Clean fish and apply crushed garlic, tamarind, chili, salt to the pieces and leave it for around half an hour.

Heat tava and put one tea spn oil. Roll the fish in sooji so that there is a coating of it around fish.


Fry on a low flame on all sides.

Serve hot with rice and Kande tamboli.

Serves : 4
Preparation time : 20min

Egg and Veg Fried Rice

A lazy evening, I did not want to cook anything. I thought of preparing something easy-to-do, healthy and tasty dinner. I had a lot of different vegetables in the refrigerator. So this was the final result.

I cannot say that, this is authentic fried rice, because I used whatever came to my mind at that time.

Basmati rice 1 cup
Vegetables (corn, yellow pepper, green beans, carrot, onion) 1 cup
Green chillis 3
Cloves 3
Cinnamon 1″ piece
Soya Sauce 1 tea spn
Vinegar 1 tea spn
Eggs 2
Pepper powder 1/2 tea spn
Sugar 1/2 tea spn
Ghee/Butter 1 tbl spn

Cook rice with a drop of oil and salt in a vessel. Drain excess water and keep aside.
Heat butter and add cloves, cinnamon, green chillis. Fry for a minute. Add vegetables, salt(since salt is added to rice already, add little salt to vegetables) and fry till they become little soft(should not cook completely).
In another pan, scramble eggs till they are done.
Add eggs, cooked rice, pepper, sugar, soya sauce and vinegar to the fried vegetables and mix well. Cook for 2-3min.
Serve hot with tomato ketchup.

Serves : 2
Preparation time : 20min

Egg Patia

I like any egg dish. This is one of the easy dishes from my Pachi(Mom’s sister is called pachi in Konkani). She prepares this in those innumerable dinner parties at their home. A delicious dish with minimum work.
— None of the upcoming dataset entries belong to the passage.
(* If $\psi \in \mathcal{D}^1$, then for each $i=1,\dots,I$ and every $u\in\mathbb{R}_+$, \[i\, \psi_i'(u)=\sum_{j=1}^{I}M_{ij}^*(\psi'(u))\,v^{\mathrm{eff}}_j(\psi'(u))\, \psi_j'(u),\] where $\psi'(u)=(\psi_1'(u),\dots,\psi_I'(u))$.
   Context: Fix $I\in\mathbb{N}$. $\mathcal{C}=\{f\in C(\mathbb{R}_+,\mathbb{R}_+):f(0)=0,f\text{ non-decreasing}\}$, $\mathcal{C}^\uparrow=\{f\in\mathcal{C}:f\text{ strictly increasing},\lim_{u\to\infty}f(u)=\infty\}$, $\mathcal{C}^1=\{f\in\mathcal{C}:f^{\mathbb{R}}\in C^1(\mathbb{R},\mathbb{R})\}$ where $f^{\mathbb{R}}$ extends $f$ by $0$ on $(-\infty,0)$. For $\psi\in\mathcal{C}^I$, $\phi_i(u)=u-\sum_j2(i\wedge j)\psi_j(u)$; $\mathcal{D}=\{\psi\in\mathcal{C}^I:\phi_I\in\mathcal{C}^\uparrow,\sum_ii\sup_{u_1\ne u_2}\frac{\psi_i(u_1)-\psi_i(u_2)}{\phi_i(u_1)-\phi_i(u_2)}<\frac12\}$ and $\mathcal{D}^1=\mathcal{D}\cap(\mathcal{C}^1)^I$. With $\kappa_{ij}=2(i\wedge j)$, for $\rho\in\mathbb{R}_+^I$ let $M(\rho)$ have $M_{ii}=1-\sum_{j\neq i}\kappa_{ij}\rho_j$, $M_{ij}=\kappa_{ij}\rho_j$ ($i\neq j$), and $M^*(\rho)$ have $M^*_{ii}=1-\sum_{j\ne i}\kappa_{ij}\rho_j$, $M^*_{ij}=\kappa_{ij}\rho_i$ ($i\neq j$). When $\sum_i2i\rho_i<1$, $M(\rho)$ is invertible and $v^{\mathrm{eff}}(\rho):=M(\rho)^{-1}(1,2,\dots,I)^T$ (for $\psi\in\mathcal{D}^1$ this condition holds for $\rho=\psi'(u)$). *)

theory Defs
  imports "HOL-Analysis.Analysis"
begin

text \<open>Functions on R_+ are represented as real \<Rightarrow> real; only values on {0..} matter.
  Vectors/matrices indexed by {1..I} are nat \<Rightarrow> real / nat \<Rightarrow> nat \<Rightarrow> real.\<close>

definition classC :: "(real \<Rightarrow> real) \<Rightarrow> bool" where
  "classC f \<longleftrightarrow> continuous_on {0..} f \<and> f 0 = 0 \<and> (\<forall>u\<ge>0. f u \<ge> 0) \<and> mono_on {0..} f"

definition classCup :: "(real \<Rightarrow> real) \<Rightarrow> bool" where
  "classCup f \<longleftrightarrow> classC f \<and> strict_mono_on {0..} f \<and> filterlim f at_top at_top"

definition extR :: "(real \<Rightarrow> real) \<Rightarrow> real \<Rightarrow> real" where
  "extR f x = (if x < 0 then 0 else f x)"

definition classC1 :: "(real \<Rightarrow> real) \<Rightarrow> bool" where
  "classC1 f \<longleftrightarrow> classC f \<and>
     (\<exists>g. continuous_on UNIV g \<and> (\<forall>x. (extR f has_real_derivative g x) (at x)))"

text \<open>psi'(u): derivative of the extension f^R at u (one-sided at u = 0).\<close>
definition dpsi :: "(nat \<Rightarrow> real \<Rightarrow> real) \<Rightarrow> nat \<Rightarrow> real \<Rightarrow> real" where
  "dpsi psi j u = deriv (extR (psi j)) u"

definition kappa :: "nat \<Rightarrow> nat \<Rightarrow> real" where
  "kappa i j = 2 * real (min i j)"

definition phi :: "nat \<Rightarrow> (nat \<Rightarrow> real \<Rightarrow> real) \<Rightarrow> nat \<Rightarrow> real \<Rightarrow> real" where
  "phi I psi i u = u - (\<Sum>j\<in>{1..I}. kappa i j * psi j u)"

definition classD :: "nat \<Rightarrow> (nat \<Rightarrow> real \<Rightarrow> real) set" where
  "classD I = {psi. (\<forall>i\<in>{1..I}. classC (psi i)) \<and> classCup (phi I psi I) \<and>
      (\<Sum>i\<in>{1..I}. ereal (real i) *
         (SUP p\<in>{(a,b). a \<ge> (0::real) \<and> b \<ge> 0 \<and> a \<noteq> b}.
            ereal ((psi i (fst p) - psi i (snd p)) / (phi I psi i (fst p) - phi I psi i (snd p)))))
        < ereal (1/2)}"

definition classD1 :: "nat \<Rightarrow> (nat \<Rightarrow> real \<Rightarrow> real) set" where
  "classD1 I = {psi \<in> classD I. \<forall>i\<in>{1..I}. classC1 (psi i)}"

definition Mmat :: "nat \<Rightarrow> (nat \<Rightarrow> real) \<Rightarrow> nat \<Rightarrow> nat \<Rightarrow> real" where
  "Mmat I rho i j = (if i = j then 1 - (\<Sum>k\<in>{1..I}-{i}. kappa i k * rho k)
                     else kappa i j * rho j)"

definition Mstar :: "nat \<Rightarrow> (nat \<Rightarrow> real) \<Rightarrow> nat \<Rightarrow> nat \<Rightarrow> real" where
  "Mstar I rho i j = (if i = j then 1 - (\<Sum>k\<in>{1..I}-{i}. kappa i k * rho k)
                      else kappa i j * rho i)"

text \<open>v_eff(rho) = M(rho)^{-1} (1,...,I)^T: the unique solution v (supported on {1..I})
  of M(rho) v = (1,...,I)^T.\<close>
definition veff :: "nat \<Rightarrow> (nat \<Rightarrow> real) \<Rightarrow> nat \<Rightarrow> real" where
  "veff I rho = (THE v. (\<forall>i\<in>{1..I}. (\<Sum>j\<in>{1..I}. Mmat I rho i j * v j) = real i)
                       \<and> (\<forall>j. j \<notin> {1..I} \<longrightarrow> v j = 0))"

end

theory Submission
  imports Defs "Jordan_Normal_Form.Determinant"
begin

unbundle no vec_syntax

text \<open>Write \<open>\<rho> = \<psi>'(u)\<close> and \<open>c\<^sub>k = 1 - \<Sum>\<^sub>j \<kappa>\<^sub>k\<^sub>j \<rho>\<^sub>j\<close>, the slope of \<open>\<phi>\<^sub>k\<close> at \<open>u\<close>.
  Since \<open>M\<^sup>*\<^sub>i\<^sub>j \<rho>\<^sub>j = \<rho>\<^sub>i M\<^sub>i\<^sub>j\<close>, the claimed identity is \<open>i \<rho>\<^sub>i = \<rho>\<^sub>i (M v\<^sup>e\<^sup>f\<^sup>f)\<^sub>i\<close>, so
  everything reduces to the nonsingularity of \<open>M(\<rho>)\<close>, which makes \<open>v\<^sup>e\<^sup>f\<^sup>f\<close> a genuine solution
  of \<open>M v = (1,\<dots>,I)\<close>.
  The ratio \<open>\<rho>\<^sub>k / c\<^sub>k\<close> is the derivative of \<open>\<psi>\<^sub>k\<close> with respect to \<open>\<phi>\<^sub>k\<close>, hence bounded by the
  Lipschitz constant \<open>L\<^sub>k\<close> of \<open>\<psi>\<^sub>k\<close> relative to \<open>\<phi>\<^sub>k\<close>, and \<open>\<Sum>\<^sub>k k L\<^sub>k < 1/2\<close> gives
  \<open>\<Sum>\<^sub>k k \<rho>\<^sub>k / c\<^sub>k < 1/2\<close>. For a kernel vector \<open>v\<close> of \<open>M\<close>, \<open>w = \<rho> v\<close> then satisfies
  \<open>|w\<^sub>i| \<le> 2 i (\<rho>\<^sub>i / c\<^sub>i) \<Sum>\<^sub>j |w\<^sub>j|\<close>, which forces \<open>w = 0\<close> and then \<open>v = 0\<close>.
  That all \<open>c\<^sub>k\<close> are positive is the delicate point: \<open>c\<^sub>k \<ge> c\<^sub>I = c\<^sub>j\<close> for the largest \<open>j\<close>
  with \<open>\<rho>\<^sub>j > 0\<close>, and \<open>c\<^sub>j = 0\<close> would make \<open>L\<^sub>j\<close> infinite.\<close>

lemma mult_mat_vec_index_shift:
  assumes "i < n" "x \<in> carrier_vec n"
  shows "(mat n n (\<lambda>(i, j). A (Suc i) (Suc j)) *\<^sub>v x) $ i =
    (\<Sum>j\<in>{1..n}. A (Suc i) j * x $ (j - 1))"
  using assms unfolding One_nat_def sum.atLeast1_atMost_eq
  by (simp add: scalar_prod_def atLeast0LessThan)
Usually this can be served with chapathi or roti or rice.

5 eggs
1/2 cup onion
3-4 green chillies
1/2 tea spn pepper powder
4-5 strands coriander leaves
Salt as per taste

Heat oil or ghee, add green chillies(slit into halves) and finely chopped onion. Fry till onions turn slightly brownish. Add half the coriander leaves and a little salt. Spread out the onions so that it covers the full pan. Break eggs and add on the onions. (There should be a thick layer of eggs on the onion layer). Sprinkle coriander leaves, pepper powder and salt. Cook covered until eggs are completely cooked. Cut into pieces and serve hot.